The Wabash College Information Technology Services department was awarded a National Science Foundation (NSF) grant to upgrade campus cyberinfrastructure.
The two-year NSF project, totaling more than $347,000, boosts the campus network infrastructure and improves network performance for very large file transfers (gigabytes to terabytes). The improvements will open new research and scholarship opportunities for our students, and will enable the College to build on its research successes.
The improvements focus on three areas. First, by supporting increased demand by researchers accessing resources and sharing data both across campus and off campus. Second, it increases Wabash's connection to Internet2 and other national research networks by a power of 10 (from 1Gbps to 10Gbps) via Indiana's regional network provider, I-Light.
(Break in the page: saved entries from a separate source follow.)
lemma orthogonal_block_diagonalization:
  fixes A3 U3 :: "real mat"
  assumes U3: "U3 \<in> carrier_mat n n" and UU3: "U3\<^sup>T * U3 = 1\<^sub>m n" and A3: "A3 \<in> carrier_mat n n"
    and D3: "U3\<^sup>T * A3 * U3 = mat_diag n ((!) es)"
  defines "B \<equiv> four_block_mat (1\<^sub>m 1) (0\<^sub>m 1 n) (0\<^sub>m n 1) U3"
  shows "B\<^sup>T * B = 1\<^sub>m (Suc n)"
    and "B\<^sup>T * four_block_mat (mat 1 1 (\<lambda>_. e)) (0\<^sub>m 1 n) (0\<^sub>m n 1) A3 * B
           = mat_diag (Suc n) ((!) (e # es))"
proof -
  have U3T: "U3\<^sup>T \<in> carrier_mat n n" using U3 by simp
  have BT: "B\<^sup>T = four_block_mat (1\<^sub>m 1) (0\<^sub>m 1 n) (0\<^sub>m n 1) U3\<^sup>T"
    unfolding B_def using U3 by (simp add: transpose_four_block_mat[of _ 1 1 _ n _ n])
  show "B\<^sup>T * B = 1\<^sub>m (Suc n)"
    unfolding BT unfolding B_def
    by (subst mult_four_block_mat[OF one_carrier_mat zero_carrier_mat zero_carrier_mat U3T
      one_carrier_mat zero_carrier_mat zero_carrier_mat U3])
      (use U3 UU3 four_block_one_mat[of 1 n] in simp)
  show "B\<^sup>T * four_block_mat (mat 1 1 (\<lambda>_. e)) (0\<^sub>m 1 n) (0\<^sub>m n 1) A3 * B
      = mat_diag (Suc n) ((!) (e # es))"
    unfolding BT unfolding B_def
    apply (subst mult_four_block_mat[OF one_carrier_mat zero_carrier_mat zero_carrier_mat U3T
      _ zero_carrier_mat zero_carrier_mat A3])
     apply simp
    apply (subst mult_four_block_mat[OF _ _ _ _ one_carrier_mat zero_carrier_mat zero_carrier_mat U3])
    using U3 A3 D3 by (auto intro!: eq_matI simp: mat_diag_def)
qed

lemma real_symmetric_orthogonal_diagonalization:
  fixes A :: "real mat"
  assumes "A \<in> carrier_mat n n" and "A\<^sup>T = A"
  shows "\<exists>U es. U \<in> carrier_mat n n \<and> U\<^sup>T * U = 1\<^sub>m n \<and> length es = n \<and>
           U\<^sup>T * A * U = mat_diag n ((!) es)"
  using assms
proof (induction n arbitrary: A)
  case 0
  show ?case by (intro exI[of _ "1\<^sub>m 0"] exI[of _ "[]"]) (use 0 in \<open>auto intro!: eq_matI simp: mat_diag_def\<close>)
next
  case (Suc n)
  have A: "A \<in> carrier_mat (Suc n) (Suc n)" and sym: "A\<^sup>T = A" by fact+
  obtain e v0 where "eigenvector A v0 e"
    using real_symmetric_eigenvalue_exists[OF A sym] unfolding eigenvalue_def by auto
  hence v0: "v0 \<in> carrier_vec (Suc n)" "v0 \<noteq> 0\<^sub>v (Suc n)" "A *\<^sub>v v0 = e \<cdot>\<^sub>v v0"
    using A unfolding eigenvector_def by auto
  have pos: "v0 \<bullet> v0 > 0" using conjugate_square_greater_0_vec[OF v0(1)] v0(2) by simp
  define v where "v = (1 / sqrt (v0 \<bullet> v0)) \<cdot>\<^sub>v v0"
  have v: "v \<in> carrier_vec (Suc n)" unfolding v_def using v0 by simp
  have "v \<bullet> v = 1" unfolding v_def using v0(1) pos
    by (simp add: smult_scalar_prod_distrib scalar_prod_smult_right)
  then obtain W where W: "W \<in> carrier_mat (Suc n) (Suc n)"
    and WW: "W\<^sup>T * W = 1\<^sub>m (Suc n)" and Wv: "col W 0 = v"
    using orthonormal_completion[OF v] by blast
  have "A *\<^sub>v col W 0 = e \<cdot>\<^sub>v col W 0" unfolding Wv v_def using v0 A
    by (simp add: mult_mat_vec smult_smult_assoc mult.commute)
  then obtain A3 where A3: "A3 \<in> carrier_mat n n" and symA3: "A3\<^sup>T = A3"
    and A': "W\<^sup>T * A * W = four_block_mat (mat 1 1 (\<lambda>_. e)) (0\<^sub>m 1 n) (0\<^sub>m n 1) A3"
    using orthogonal_deflation[OF A sym W WW] by blast
  obtain U3 es3 where U3: "U3 \<in> carrier_mat n n" and UU3: "U3\<^sup>T * U3 = 1\<^sub>m n"
    and les3: "length es3 = n" and D3: "U3\<^sup>T * A3 * U3 = mat_diag n ((!) es3)"
    using Suc.IH[OF A3 symA3] by blast
  define B where "B = four_block_mat (1\<^sub>m 1) (0\<^sub>m 1 n) (0\<^sub>m n 1) U3"
  note BB = orthogonal_block_diagonalization[OF U3 UU3 A3 D3, folded B_def]
    orthogonal_block_diagonalization(2)[OF U3 UU3 A3 D3, of e, folded B_def]
  have B: "B \<in> carrier_mat (Suc n) (Suc n)" unfolding B_def using U3 by auto
  have WBT: "(W * B)\<^sup>T = B\<^sup>T * W\<^sup>T" using W B by (simp add: transpose_mult)
  have "(W * B)\<^sup>T * (W * B) = B\<^sup>T * (W\<^sup>T * W) * B"
    unfolding WBT using W B by (intro assoc_mult_mat_4) auto
  moreover have "(W * B)\<^sup>T * A * (W * B) = B\<^sup>T * (W\<^sup>T * A * W) * B"
  proof -
    have "(W * B)\<^sup>T * A = B\<^sup>T * (W\<^sup>T * A)"
      unfolding WBT using W B A by (intro assoc_mult_mat) auto
    thus ?thesis using W B A by (simp add: assoc_mult_mat_4[of "B\<^sup>T" "Suc n"])
  qed
  ultimately show ?case using BB W B les3 unfolding WW A'
    by (intro exI[of _ "W * B"] exI[of _ "e # es3"]) auto
qed
lemma proj_window:
  assumes "0 < k"
  obtains t :: int and up :: bool where "L \<le> t" "t < L + int k"
    and "\<And>x. proj k m x = (if up then 1 else -1) * unit_cos k (3 * (x - c + t) + 2)"
proof -
  define r where "r = (c - m - L) mod (2 * int k)"
  define q where "q = (c - m - L) div (2 * int k)"
  have r: "0 \<le> r" "r < 2 * int k" using assms by (auto simp: r_def)
  have cm: "c - m = L + r + 2 * int k * q" unfolding r_def q_def by simp
  show thesis
  proof (cases "r < int k")
    case True
    show thesis
    proof (rule that[of "L + r" True])
      fix x
      have "3 * x + 2 - 3 * m = (3 * (x - c + (L + r)) + 2) + 6 * int k * q"
        using cm by (simp add: algebra_simps)
      then show "proj k m x = (if True then 1 else -1) * unit_cos k (3 * (x - c + (L + r)) + 2)"
        unfolding proj_def by (simp only: unit_cos_add_period[OF assms]) simp
    qed (use r True in auto)
  next
    case False
    show thesis
    proof (rule that[of "L + r - int k" False])
      fix x
      have "3 * x + 2 - 3 * m = ((3 * (x - c + (L + r - int k)) + 2) + 3 * int k) + 6 * int k * q"
        using cm by (simp add: algebra_simps)
      then show "proj k m x = (if False then 1 else -1) * unit_cos k (3 * (x - c + (L + r - int k)) + 2)"
        unfolding proj_def
        by (simp only: unit_cos_add_period[OF assms] unit_cos_add_half_period[OF assms]) simp
    qed (use r False in auto)
  qed
qed

lemma abs_3_2_less_iff: "\<bar>3 * u + 2\<bar> < \<bar>3 * v + 2\<bar> \<longleftrightarrow> (u < v \<and> -1 \<le> u + v) \<or> (v < u \<and> u + v \<le> -2)"
  for u v :: int
  by (cases "0 \<le> 3 * u + 2"; cases "0 \<le> 3 * v + 2") auto

lemma unit_cos_window_less_iff:
  assumes "0 < k" "- int k \<le> u" "u < int k" "- int k \<le> v" "v < int k"
  shows "unit_cos k (3 * u + 2) < unit_cos k (3 * v + 2) \<longleftrightarrow> (v < u \<and> -1 \<le> u + v) \<or> (u < v \<and> u + v \<le> -2)"
proof -
  have "\<bar>3 * u + 2\<bar> \<le> 3 * int k" "\<bar>3 * v + 2\<bar> \<le> 3 * int k"
    using assms by (simp_all add: abs_le_iff)
  then show ?thesis
    using unit_cos_less_iff[OF assms(1), of "3 * u + 2" "3 * v + 2"] abs_3_2_less_iff[of v u]
    by (simp add: add.commute)
qed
Third, it increases connection speeds from the network core to the campus science buildings to 10Gbps and provides redundant network paths to those buildings.
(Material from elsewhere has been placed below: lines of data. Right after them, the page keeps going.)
lemma gauss_prim_ne_poly_mult_exp_quadratic:
  assumes "P \<noteq> 0"
  shows "\<not> (\<forall>z. gauss_prim z = poly P z * exp (c0 + c1 * z + c2 * z^2))"
proof
  assume eq: "\<forall>z. gauss_prim z = poly P z * exp (c0 + c1 * z + c2 * z^2)"
  define q where "q z = c0 + c1 * z + c2 * z^2" for z
  have dq: "(q has_field_derivative c1 + 2 * c2 * z) (at z)" for z
    unfolding q_def by (auto intro!: derivative_eq_intros)
  \<comment> \<open>L e^q = exp(-z^2), so L has no zeros and is constant; then q' = -2z forces deg L = deg P + 1.\<close>
  define L where "L = pderiv P + P * [:c1, 2 * c2:]"
  have L_exp: "poly L z * exp (q z) = exp (- (z^2))" for z
  proof -
    have "((\<lambda>z. poly P z * exp (q z)) has_field_derivative
        poly (pderiv P) z * exp (q z) + poly P z * (exp (q z) * (c1 + 2 * c2 * z))) (at z)"
      by (rule DERIV_cong[OF DERIV_mult[OF poly_DERIV DERIV_chain2[OF DERIV_exp dq]]]) (simp add: mult_ac)
    moreover have "gauss_prim = (\<lambda>z. poly P z * exp (q z))"
      using eq by (simp add: q_def fun_eq_iff)
    ultimately have "exp (- (z^2)) = poly (pderiv P) z * exp (q z) + poly P z * (exp (q z) * (c1 + 2 * c2 * z))"
      using DERIV_unique[OF DERIV_gauss_prim[of z]] by simp
    then show ?thesis
      by (simp add: L_def algebra_simps)
  qed
  then have "poly L z \<noteq> 0" for z
    by (metis exp_not_eq_zero mult_zero_left)
  then have "constant (poly L)"
    using fundamental_theorem_of_algebra by blast
  then have "poly L z = poly L 0" for z
    by (simp add: constant_def)
  with L_exp have "poly L 0 * exp (q z) = exp (- (z^2))" for z
    by metis
  then have "c2 = -1"
    unfolding q_def by (rule exp_quadratic_eq_gauss_imp_coeff)
  then have "degree L = degree P + 1"
    using assms by (simp add: L_def degree_add_eq_right degree_mult_eq degree_pderiv)
  moreover have "degree L = 0"
    using \<open>constant (poly L)\<close> constant_degree by blast
  ultimately show False
    by simp
qed

lemma gauss_prim_zeros_infinite: "infinite {z. gauss_prim z = 0}"
proof
  define Z where "Z = {z. gauss_prim z = 0}"
  define P where "P = (\<Prod>w\<in>Z. [:- w, 1:])"
  assume "finite {z. gauss_prim z = 0}"
  then have "finite Z"
    by (simp add: Z_def)
  then have "P \<noteq> 0"
    by (simp add: P_def)
  obtain R where R: "R holomorphic_on UNIV" and factor: "\<And>z. gauss_prim z = poly P z * R z"
    using entire_factor_zeros[OF holomorphic_gauss_prim \<open>finite Z\<close>] by (auto simp: Z_def P_def)
  \<comment> \<open>the zeros of gauss_prim are simple\<close>
  have "R z \<noteq> 0" for z :: complex
  proof
    assume "R z = 0"
    moreover from this have "poly P z = 0"
      using factor[of z] \<open>finite Z\<close> by (simp add: Z_def P_def poly_prod)
    ultimately have "(gauss_prim has_field_derivative 0) (at z)"
      using has_field_derivative_poly_mult_at_common_zero[OF R] factor by presburger
    then have "exp (- (z^2)) = 0"
      by (rule DERIV_unique[OF DERIV_gauss_prim])
    then show False
      by simp
  qed
  moreover obtain K where "\<And>z. norm (R z) \<le> K * exp (2 * norm z ^ 2)"
  proof (rule continuous_bound_exp_sq)
    show "continuous_on UNIV R"
      using R by (rule holomorphic_on_imp_continuous_on)
    fix z :: complex assume "1 + (\<Sum>w\<in>Z. norm w) \<le> norm z"
    then have "norm (R z) \<le> norm (poly P z) * norm (R z)"
      using norm_prod_diff_ge_1[OF \<open>finite Z\<close>] by (simp add: P_def mult_le_cancel_right1)
    also have "\<dots> \<le> exp (2 * norm z ^ 2)"
      using norm_gauss_prim_le[of z] by (simp add: factor norm_mult)
    finally show "norm (R z) \<le> exp (2 * norm z ^ 2)" .
  qed auto
  ultimately obtain c0 c1 c2 where "\<And>z. R z = exp (c0 + c1 * z + c2 * z^2)"
    using zero_free_entire_exp_quadratic[OF R] by (metis zero_le_numeral)
  with factor gauss_prim_ne_poly_mult_exp_quadratic[OF \<open>P \<noteq> 0\<close>] show False
    by auto
qed

lemma cerf_zeros_infinite: "infinite {z. cerf z = 0}"
  using gauss_prim_zeros_infinite by (simp add: cerf_eq_gauss_prim)

section \<open>Linear independence of Gaussians\<close>

lemma sum_exp_eq_0_imp_coeffs_0:
  fixes lam d :: "nat \<Rightarrow> complex"
  assumes "inj_on lam {..<n}" and "\<And>x::real. (\<Sum>i<n. d i * exp (lam i * complex_of_real x)) = 0"
  shows "\<forall>i<n. d i = 0"
  using assms
proof (induction n arbitrary: lam d)
  case 0
  then show ?case by simp
next
  case (Suc n)
  \<comment> \<open>dividing by e^(lam n x) and differentiating removes the n-th term\<close>
  define F where "F z = (\<Sum>i<Suc n. d i * exp ((lam i - lam n) * z))" for z
  have "F (complex_of_real x) = exp (- lam n * complex_of_real x) * (\<Sum>i<Suc n. d i * exp (lam i * complex_of_real x))" for x
    unfolding F_def by (simp add: sum_distrib_left algebra_simps exp_diff exp_minus field_simps)
  then have F0: "F (complex_of_real x) = 0" for x
    using Suc.prems(2) by simp
  have "(F has_field_derivative (\<Sum>i<Suc n. d i * ((lam i - lam n) * exp ((lam i - lam n) * z)))) (at z)" for z
    unfolding F_def by (auto intro!: derivative_eq_intros sum.cong simp: algebra_simps)
  then have "((\<lambda>x. F (complex_of_real x)) has_vector_derivative
      (\<Sum>i<Suc n. d i * ((lam i - lam n) * exp ((lam i - lam n) * complex_of_real x)))) (at x)" for x
    by (rule has_vector_derivative_real_field)
  moreover have "((\<lambda>x. F (complex_of_real x)) has_vector_derivative 0) (at x)" for x
    using F0 by simp
  ultimately have "(\<Sum>i<Suc n. d i * ((lam i - lam n) * exp ((lam i - lam n) * complex_of_real x))) = 0" for x
    using vector_derivative_unique_at by blast
  then have "(\<Sum>i<n. (d i * (lam i - lam n)) * exp ((lam i - lam n) * complex_of_real x)) = 0" for x
    by (simp add: mult_ac)
  moreover have "inj_on (\<lambda>i. lam i - lam n) {..<n}"
    using Suc.prems(1) by (auto simp: inj_on_def)
  ultimately have "\<forall>i<n. d i * (lam i - lam n) = 0"
    by (intro Suc.IH)
  moreover have "lam i \<noteq> lam n" if "i < n" for i
    using Suc.prems(1) that unfolding inj_on_def by force
  ultimately have d: "\<forall>i<n. d i = 0"
    by auto
  then have "d n = 0"
    using Suc.prems(2)[of 0] by simp
  with d show ?case
    using less_Suc_eq by auto
qed

lemma continuous_AE_eq_0_imp_eq_0:
  fixes f :: "real \<Rightarrow> 'a::real_normed_vector"
  assumes "continuous_on UNIV f" and "AE x in lborel. f x = 0"
  shows "f x = 0"
proof (rule ccontr)
  assume "f x \<noteq> 0"
  moreover have "open (f -` (- {0}))"
    using assms(1) by (intro open_vimage) auto
  ultimately obtain e where e: "e > 0" "ball x e \<subseteq> f -` (- {0})"
    using open_contains_ball by blast
  from AE_E[OF assms(2)] obtain N where N: "{y \<in> space lborel. f y \<noteq> 0} \<subseteq> N"
      "emeasure lborel N = 0" "N \<in> sets lborel" by blast
  have "ball x e \<subseteq> N"
    using e N by auto
  then have "emeasure lborel (ball x e) \<le> emeasure lborel N"
    using N by (intro emeasure_mono) auto
  moreover have "ball x e = {x - e <..< x + e}"
    by (auto simp: ball_def dist_real_def)
  ultimately show False
    using N e by simp
qed

lemma gfun_eq_exp_linear:
  assumes "s2 > 0"
  shows "gfun \<mu> s2 \<omega> x = complex_of_real (exp (- (x^2) / (2 * s2))) *
    (complex_of_real (exp (- (\<mu>^2) / (2 * s2))) *
     exp ((complex_of_real (\<mu> / s2) + \<i> * complex_of_real \<omega>) * complex_of_real x))"
proof -
  have "complex_of_real (- ((x - \<mu>)^2) / (2 * s2)) + \<i> * complex_of_real (x * \<omega>)
      = complex_of_real (- (x^2) / (2 * s2)) + (complex_of_real (- (\<mu>^2) / (2 * s2)) +
        (complex_of_real (\<mu> / s2) + \<i> * complex_of_real \<omega>) * complex_of_real x)"
    using assms by (simp add: complex_eq_iff power2_eq_square field_simps)
  then show ?thesis
    unfolding gfun_def by (simp only: exp_add[symmetric] exp_of_real[symmetric])
qed

lemma gfun_linear_independent:
  fixes \<mu> \<omega> :: "nat \<Rightarrow> real" and c :: "nat \<Rightarrow> complex"
  assumes "s2 > 0" and inj: "inj_on (\<lambda>i. (\<mu> i, \<omega> i)) {..<n}"
    and "AE x in lborel. (\<Sum>i<n. c i * gfun (\<mu> i) s2 (\<omega> i) x) = 0"
  shows "\<forall>i<n. c i = 0"
proof -
  define lam where "lam i = complex_of_real (\<mu> i / s2) + \<i> * complex_of_real (\<omega> i)" for i
  define d where "d i = c i * complex_of_real (exp (- (\<mu> i ^ 2) / (2 * s2)))" for i
  have "continuous_on UNIV (\<lambda>x. \<Sum>i<n. c i * gfun (\<mu> i) s2 (\<omega> i) x)"
    using \<open>s2 > 0\<close> unfolding gfun_def by (intro continuous_intros) auto
  from continuous_AE_eq_0_imp_eq_0[OF this assms(3)]
  have "complex_of_real (exp (- (x^2) / (2 * s2))) * (\<Sum>i<n. d i * exp (lam i * complex_of_real x)) = 0" for x
    using \<open>s2 > 0\<close> by (simp add: gfun_eq_exp_linear lam_def d_def sum_distrib_left mult_ac)
  then have "(\<Sum>i<n. d i * exp (lam i * complex_of_real x)) = 0" for x
    by simp
  moreover have "inj_on lam {..<n}"
    using inj \<open>s2 > 0\<close> by (auto simp: inj_on_def lam_def complex_eq_iff)
  ultimately have "\<forall>i<n. d i = 0"
    by (intro sum_exp_eq_0_imp_coeffs_0)
  then show ?thesis
    by (simp add: d_def)
qed

lemma infinite_erf_point_zeros:
  assumes "0 < a" "a < 1"
  shows "infinite {(\<mu>, \<omega>). cerf (erf_point a \<mu> \<omega>) = 0}"
proof
  define p where "p z = (sqrt 2 * sqrt a / (1 - a) * Re z, sqrt 2 / sqrt a * Im z)" for z
  have erf_point_p: "case_prod (erf_point a) (p z) = z" for z
  proof -
    have "sqrt a > 0" "sqrt 2 > 0" "sqrt 2 * sqrt 2 = 2"
      using assms by auto
    then show ?thesis
      using assms by (simp add: p_def erf_point_def complex_eq_iff field_simps)
  qed
  then have "inj p"
    by (metis injI)
  moreover have "p ` {z. cerf z = 0} \<subseteq> {(\<mu>, \<omega>). cerf (erf_point a \<mu> \<omega>) = 0}"
    using erf_point_p by (simp add: image_subset_iff case_prod_beta)
  moreover assume "finite {(\<mu>, \<omega>). cerf (erf_point a \<mu> \<omega>) = 0}"
  ultimately have "finite {z. cerf z = 0}"
    by (metis finite_imageD finite_subset inj_on_subset subset_UNIV)
  with cerf_zeros_infinite show False ..
qed

theorem theorem8:
  fixes a :: real
  assumes "0 < a" and "a < 1"
  shows "(\<forall>n::nat. \<exists>fs :: nat \<Rightarrow> real \<Rightarrow> complex.
            (\<forall>i<n. fs i \<in> null_L1 a) \<and>
            (\<forall>c :: nat \<Rightarrow> complex.
               (AE x in lborel. (\<Sum>i<n. c i * fs i x) = 0) \<longrightarrow> (\<forall>i<n. c i = 0)))
       \<and> cspan {gfun \<mu> (a / (1 - a)) \<omega> | \<mu> \<omega>.
                 cerf ((1 / complex_of_real (sqrt 2)) *
                       (complex_of_real ((1 - a) / sqrt a * \<mu>) + \<i> * complex_of_real (sqrt a * \<omega>))) = 0}
         \<subseteq> null_L1 a"
  unfolding erf_point_def[symmetric]
proof
  obtain p :: "nat \<Rightarrow> real \<times> real" where "inj p" and p: "range p \<subseteq> {(\<mu>, \<omega>). cerf (erf_point a \<mu> \<omega>) = 0}"
    using infinite_countable_subset[OF infinite_erf_point_zeros[OF assms]] by blast
  define fs where "fs i = gfun (fst (p i)) (a / (1 - a)) (snd (p i))" for i
  have null: "fs i \<in> null_L1 a" for i
    using assms p by (auto simp: fs_def case_prod_beta image_subset_iff intro!: gfun_in_null_L1)
  have indep: "\<forall>i<n. c i = 0" if "AE x in lborel. (\<Sum>i<n. c i * fs i x) = 0" for n c
  proof (rule gfun_linear_independent)
    show "inj_on (\<lambda>i. (fst (p i), snd (p i))) {..<n}"
      using inj_on_subset[OF \<open>inj p\<close> subset_UNIV] by simp
  qed (use assms that in \<open>simp_all add: fs_def\<close>)
  show "\<forall>n::nat. \<exists>fs. (\<forall>i<n. fs i \<in> null_L1 a) \<and>
      (\<forall>c. (AE x in lborel. (\<Sum>i<n. c i * fs i x) = 0) \<longrightarrow> (\<forall>i<n. c i = 0))"
    using null indep by blast
next
  show "cspan {gfun \<mu> (a / (1 - a)) \<omega> | \<mu> \<omega>. cerf (erf_point a \<mu> \<omega>) = 0} \<subseteq> null_L1 a"
    using assms by (intro cspan_subset_null_L1) (auto intro!: gfun_in_null_L1)
qed

end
“From a networking standpoint, this puts us on par with major research institutions, and provides opportunities for collaboration,” said Brad Weaver, director of information technology services. “Not only will this save time, but it allows our professors to do more experimental runs than might otherwise happen, to work with larger data sets, and to get more students involved in the research process. With this level of gain, it fundamentally changes what we can do.”
Once the upgrades are completed, the transfer speeds would be nearly 100 times faster than they are now. A 1.5 terabyte file transfer would go from the current 42.4 hours to 37 minutes.
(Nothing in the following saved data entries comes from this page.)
lemma eventually_sublinear_of_cost_bound:
  fixes g :: "real \<Rightarrow> real"
  assumes "((\<lambda>z. g z / z powr q) \<longlongrightarrow> l) at_top" "0 < l" "s < q + 1" "0 \<le> s" "0 < \<theta>"
  shows "eventually (\<lambda>M. \<forall>z\<ge>0. z * g z \<le> B * M powr s \<longrightarrow> z \<le> \<theta> * M) at_top"
proof -
  obtain Z where Z: "\<And>z. Z \<le> z \<Longrightarrow> l / 2 * z powr q \<le> g z"
    using eventually_ratio_bounds[OF assms(1,2), of "1/2"] by (auto simp: eventually_at_top_linorder)
  have "eventually (\<lambda>M. \<forall>z\<ge>0. z powr (q + 1) \<le> 2 * B / l * M powr s \<longrightarrow> z \<le> \<theta> * M) at_top"
    using assms by (intro eventually_sublinear_of_powr_bound) auto
  with eventually_ge_at_top[of "Z / \<theta>"] show ?thesis
  proof eventually_elim
    case (elim M)
    show ?case
    proof (intro allI impI)
      fix z :: real
      assume z: "0 \<le> z" "z * g z \<le> B * M powr s"
      show "z \<le> \<theta> * M"
      proof (cases "Z \<le> z")
        case True
        have "l / 2 * z powr (q + 1) = z * (l / 2 * z powr q)"
          using z by (simp add: powr_add)
        also have "\<dots> \<le> B * M powr s"
          using Z[OF True] z by (meson mult_left_mono order_trans)
        finally have "z powr (q + 1) \<le> 2 * B / l * M powr s"
          using assms by (simp add: field_simps)
        with elim z show ?thesis by blast
      next
        case False
        with elim assms show ?thesis
          by (simp add: field_simps)
      qed
    qed
  qed
qed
These network improvements address immediate research needs for projects in chemistry, biochemistry, physics, biology, psychology, and mathematics, and also benefit researchers in all STEM disciplines at the College. The improvements will also facilitate faculty and student research at the National Superconducting Cyclotron Laboratory (NSCL), and with the Midwest Undergraduate Computational Chemistry Consortium (MU3C).
“Wabash offers our students a strong undergraduate research program in the physical sciences,” said Weaver. “Just as quality undergraduate research experiences require experienced faculty and well-equipped laboratories, research today demands network infrastructure that supports distributed data flows, large file transfer, and real-time instrument access, whether across campus or around the globe.”
I-Light and the Global Research Network Operations Center (Global NOC) at Indiana University will provide technical and consulting services as part of the grant.
Work is ongoing and expected to be completed by the Summer of 2016.